WHAT NEEDS TO BE DONE:
Output every line of the listing as it stands.

━━━━━ EXTRACTED DATA ━━━━━

(* Let $\phi$ be a strictly convex norm on $\mathbf{R}^n$ of class $\mathcal{C}^2$ on $\mathbf{R}^n\setminus\{0\}$ and $K\subseteq\mathbf{R}^n$ closed. Then $r^\phi_K:N^\phi(K)\to(0,\infty]$ is upper semicontinuous. Moreover, $$N^\phi(K)=\{(\xi^\phi_K(x),\nu^\phi_K(x)):x\in\mathbf{R}^n\setminus(K\cup\mathrm{Cut}^\phi(K))\}$$ and $r^\phi_K(\xi^\phi_K(x),\nu^\phi_K(x))=\delta^\phi_K(x)\,\rho^\phi_K(x)$ for all $x\in\mathbf{R}^n\setminus(K\cup\mathrm{Cut}^\phi(K))$.
   Context: A norm $\phi$ is strictly convex if $\phi(a+b)=\phi(a)+\phi(b)$ implies $\phi(b)a=\phi(a)b$. For closed $K$: $\delta^\phi_K(x)=\inf\{\phi(y-x):y\in K\}$; $\xi^\phi_K(x)=K\cap\{w:\phi(x-w)=\delta^\phi_K(x)\}$ (a singleton, identified with its element, for $x\notin K\cup\mathrm{Cut}^\phi(K)$); $\nu^\phi_K(x)=\delta^\phi_K(x)^{-1}(x-\xi^\phi_K(x))$ for $x\notin K$; $\rho^\phi_K(x)=\sup\bigl(\mathbf{R}\cap\{s:\delta^\phi_K(a+s(x-a))=s\,\delta^\phi_K(x)\}\bigr)$ for any $a\in\xi^\phi_K(x)$; $N^\phi(K)=\{(a,\eta)\in\mathbf{R}^n\times\mathbf{R}^n:a\in K,\ \phi(\eta)=1,\ \delta^\phi_K(a+s\eta)=s\text{ for some }s>0\}$; $r^\phi_K(a,\eta)=\sup\{s>0:\delta^\phi_K(a+s\eta)=s\}$; $\mathrm{Cut}^\phi(K)=\{a+r^\phi_K(a,\eta)\eta:(a,\eta)\in N^\phi(K),\ r^\phi_K(a,\eta)<\infty\}$. Upper semicontinuity refers to the topology of $N^\phi(K)\subseteq\mathbf{R}^{2n}$. *)

theory Defs
  imports "HOL-Analysis.Analysis"
begin

definition is_norm :: "('a::euclidean_space \<Rightarrow> real) \<Rightarrow> bool" where
  "is_norm \<phi> \<longleftrightarrow> (\<forall>x. \<phi> x = 0 \<longleftrightarrow> x = 0) \<and> (\<forall>t x. \<phi> (t *\<^sub>R x) = \<bar>t\<bar> * \<phi> x)
     \<and> (\<forall>x y. \<phi> (x + y) \<le> \<phi> x + \<phi> y)"

definition strictly_convex_norm :: "('a::euclidean_space \<Rightarrow> real) \<Rightarrow> bool" where
  "strictly_convex_norm \<phi> \<longleftrightarrow> is_norm \<phi> \<and>
     (\<forall>a b. \<phi> (a + b) = \<phi> a + \<phi> b \<longrightarrow> \<phi> b *\<^sub>R a = \<phi> a *\<^sub>R b)"

definition C2_on :: "'a::euclidean_space set \<Rightarrow> ('a \<Rightarrow> real) \<Rightarrow> bool" where
  "C2_on S f \<longleftrightarrow> (\<exists>D1 :: 'a \<Rightarrow> ('a \<Rightarrow>\<^sub>L real). \<exists>D2 :: 'a \<Rightarrow> ('a \<Rightarrow>\<^sub>L ('a \<Rightarrow>\<^sub>L real)).
     (\<forall>x\<in>S. (f has_derivative blinfun_apply (D1 x)) (at x)) \<and>
     (\<forall>x\<in>S. (D1 has_derivative blinfun_apply (D2 x)) (at x)) \<and>
     continuous_on S D2)"

definition dist_phi :: "('a::euclidean_space \<Rightarrow> real) \<Rightarrow> 'a set \<Rightarrow> 'a \<Rightarrow> real" where
  "dist_phi \<phi> K x = Inf ((\<lambda>y. \<phi> (y - x)) ` K)"

definition xi_set :: "('a::euclidean_space \<Rightarrow> real) \<Rightarrow> 'a set \<Rightarrow> 'a \<Rightarrow> 'a set" where
  "xi_set \<phi> K x = K \<inter> {w. \<phi> (x - w) = dist_phi \<phi> K x}"

text \<open>The nearest point, when \<open>xi_set\<close> is a singleton.\<close>
definition xi_pt :: "('a::euclidean_space \<Rightarrow> real) \<Rightarrow> 'a set \<Rightarrow> 'a \<Rightarrow> 'a" where
  "xi_pt \<phi> K x = the_elem (xi_set \<phi> K x)"

definition nu_phi :: "('a::euclidean_space \<Rightarrow> real) \<Rightarrow> 'a set \<Rightarrow> 'a \<Rightarrow> 'a" where
  "nu_phi \<phi> K x = (1 / dist_phi \<phi> K x) *\<^sub>R (x - xi_pt \<phi> K x)"

definition rho_phi :: "('a::euclidean_space \<Rightarrow> real) \<Rightarrow> 'a set \<Rightarrow> 'a \<Rightarrow> ereal" where
  "rho_phi \<phi> K x = (let a = xi_pt \<phi> K x in
     Sup (ereal ` {s. dist_phi \<phi> K (a + s *\<^sub>R (x - a)) = s * dist_phi \<phi> K x}))"

definition normal_bundle :: "('a::euclidean_space \<Rightarrow> real) \<Rightarrow> 'a set \<Rightarrow> ('a \<times> 'a) set" where
  "normal_bundle \<phi> K = {(a, \<eta>). a \<in> K \<and> \<phi> \<eta> = 1 \<and> (\<exists>s>0. dist_phi \<phi> K (a + s *\<^sub>R \<eta>) = s)}"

━━━━━

TASK RESPONSE:
(* Let $\phi$ be a strictly convex norm on $\mathbf{R}^n$ of class $\mathcal{C}^2$ on $\mathbf{R}^n\setminus\{0\}$ and $K\subseteq\mathbf{R}^n$ closed. Then $r^\phi_K:N^\phi(K)\to(0,\infty]$ is upper semicontinuous. Moreover, $$N^\phi(K)=\{(\xi^\phi_K(x),\nu^\phi_K(x)):x\in\mathbf{R}^n\setminus(K\cup\mathrm{Cut}^\phi(K))\}$$ and $r^\phi_K(\xi^\phi_K(x),\nu^\phi_K(x))=\delta^\phi_K(x)\,\rho^\phi_K(x)$ for all $x\in\mathbf{R}^n\setminus(K\cup\mathrm{Cut}^\phi(K))$.
   Context: A norm $\phi$ is strictly convex if $\phi(a+b)=\phi(a)+\phi(b)$ implies $\phi(b)a=\phi(a)b$. For closed $K$: $\delta^\phi_K(x)=\inf\{\phi(y-x):y\in K\}$; $\xi^\phi_K(x)=K\cap\{w:\phi(x-w)=\delta^\phi_K(x)\}$ (a singleton, identified with its element, for $x\notin K\cup\mathrm{Cut}^\phi(K)$); $\nu^\phi_K(x)=\delta^\phi_K(x)^{-1}(x-\xi^\phi_K(x))$ for $x\notin K$; $\rho^\phi_K(x)=\sup\bigl(\mathbf{R}\cap\{s:\delta^\phi_K(a+s(x-a))=s\,\delta^\phi_K(x)\}\bigr)$ for any $a\in\xi^\phi_K(x)$; $N^\phi(K)=\{(a,\eta)\in\mathbf{R}^n\times\mathbf{R}^n:a\in K,\ \phi(\eta)=1,\ \delta^\phi_K(a+s\eta)=s\text{ for some }s>0\}$; $r^\phi_K(a,\eta)=\sup\{s>0:\delta^\phi_K(a+s\eta)=s\}$; $\mathrm{Cut}^\phi(K)=\{a+r^\phi_K(a,\eta)\eta:(a,\eta)\in N^\phi(K),\ r^\phi_K(a,\eta)<\infty\}$. Upper semicontinuity refers to the topology of $N^\phi(K)\subseteq\mathbf{R}^{2n}$. *)

theory Defs
  imports "HOL-Analysis.Analysis"
begin

definition is_norm :: "('a::euclidean_space \<Rightarrow> real) \<Rightarrow> bool" where
  "is_norm \<phi> \<longleftrightarrow> (\<forall>x. \<phi> x = 0 \<longleftrightarrow> x = 0) \<and> (\<forall>t x. \<phi> (t *\<^sub>R x) = \<bar>t\<bar> * \<phi> x)
     \<and> (\<forall>x y. \<phi> (x + y) \<le> \<phi> x + \<phi> y)"

definition strictly_convex_norm :: "('a::euclidean_space \<Rightarrow> real) \<Rightarrow> bool" where
  "strictly_convex_norm \<phi> \<longleftrightarrow> is_norm \<phi> \<and>
     (\<forall>a b. \<phi> (a + b) = \<phi> a + \<phi> b \<longrightarrow> \<phi> b *\<^sub>R a = \<phi> a *\<^sub>R b)"

definition C2_on :: "'a::euclidean_space set \<Rightarrow> ('a \<Rightarrow> real) \<Rightarrow> bool" where
  "C2_on S f \<longleftrightarrow> (\<exists>D1 :: 'a \<Rightarrow> ('a \<Rightarrow>\<^sub>L real). \<exists>D2 :: 'a \<Rightarrow> ('a \<Rightarrow>\<^sub>L ('a \<Rightarrow>\<^sub>L real)).
     (\<forall>x\<in>S. (f has_derivative blinfun_apply (D1 x)) (at x)) \<and>
     (\<forall>x\<in>S. (D1 has_derivative blinfun_apply (D2 x)) (at x)) \<and>
     continuous_on S D2)"

definition dist_phi :: "('a::euclidean_space \<Rightarrow> real) \<Rightarrow> 'a set \<Rightarrow> 'a \<Rightarrow> real" where
  "dist_phi \<phi> K x = Inf ((\<lambda>y. \<phi> (y - x)) ` K)"

definition xi_set :: "('a::euclidean_space \<Rightarrow> real) \<Rightarrow> 'a set \<Rightarrow> 'a \<Rightarrow> 'a set" where
  "xi_set \<phi> K x = K \<inter> {w. \<phi> (x - w) = dist_phi \<phi> K x}"

text \<open>The nearest point, when \<open>xi_set\<close> is a singleton.\<close>
definition xi_pt :: "('a::euclidean_space \<Rightarrow> real) \<Rightarrow> 'a set \<Rightarrow> 'a \<Rightarrow> 'a" where
  "xi_pt \<phi> K x = the_elem (xi_set \<phi> K x)"

definition nu_phi :: "('a::euclidean_space \<Rightarrow> real) \<Rightarrow> 'a set \<Rightarrow> 'a \<Rightarrow> 'a" where
  "nu_phi \<phi> K x = (1 / dist_phi \<phi> K x) *\<^sub>R (x - xi_pt \<phi> K x)"

definition rho_phi :: "('a::euclidean_space \<Rightarrow> real) \<Rightarrow> 'a set \<Rightarrow> 'a \<Rightarrow> ereal" where
  "rho_phi \<phi> K x = (let a = xi_pt \<phi> K x in
     Sup (ereal ` {s. dist_phi \<phi> K (a + s *\<^sub>R (x - a)) = s * dist_phi \<phi> K x}))"

definition normal_bundle :: "('a::euclidean_space \<Rightarrow> real) \<Rightarrow> 'a set \<Rightarrow> ('a \<times> 'a) set" where
  "normal_bundle \<phi> K = {(a, \<eta>). a \<in> K \<and> \<phi> \<eta> = 1 \<and> (\<exists>s>0. dist_phi \<phi> K (a + s *\<^sub>R \<eta>) = s)}"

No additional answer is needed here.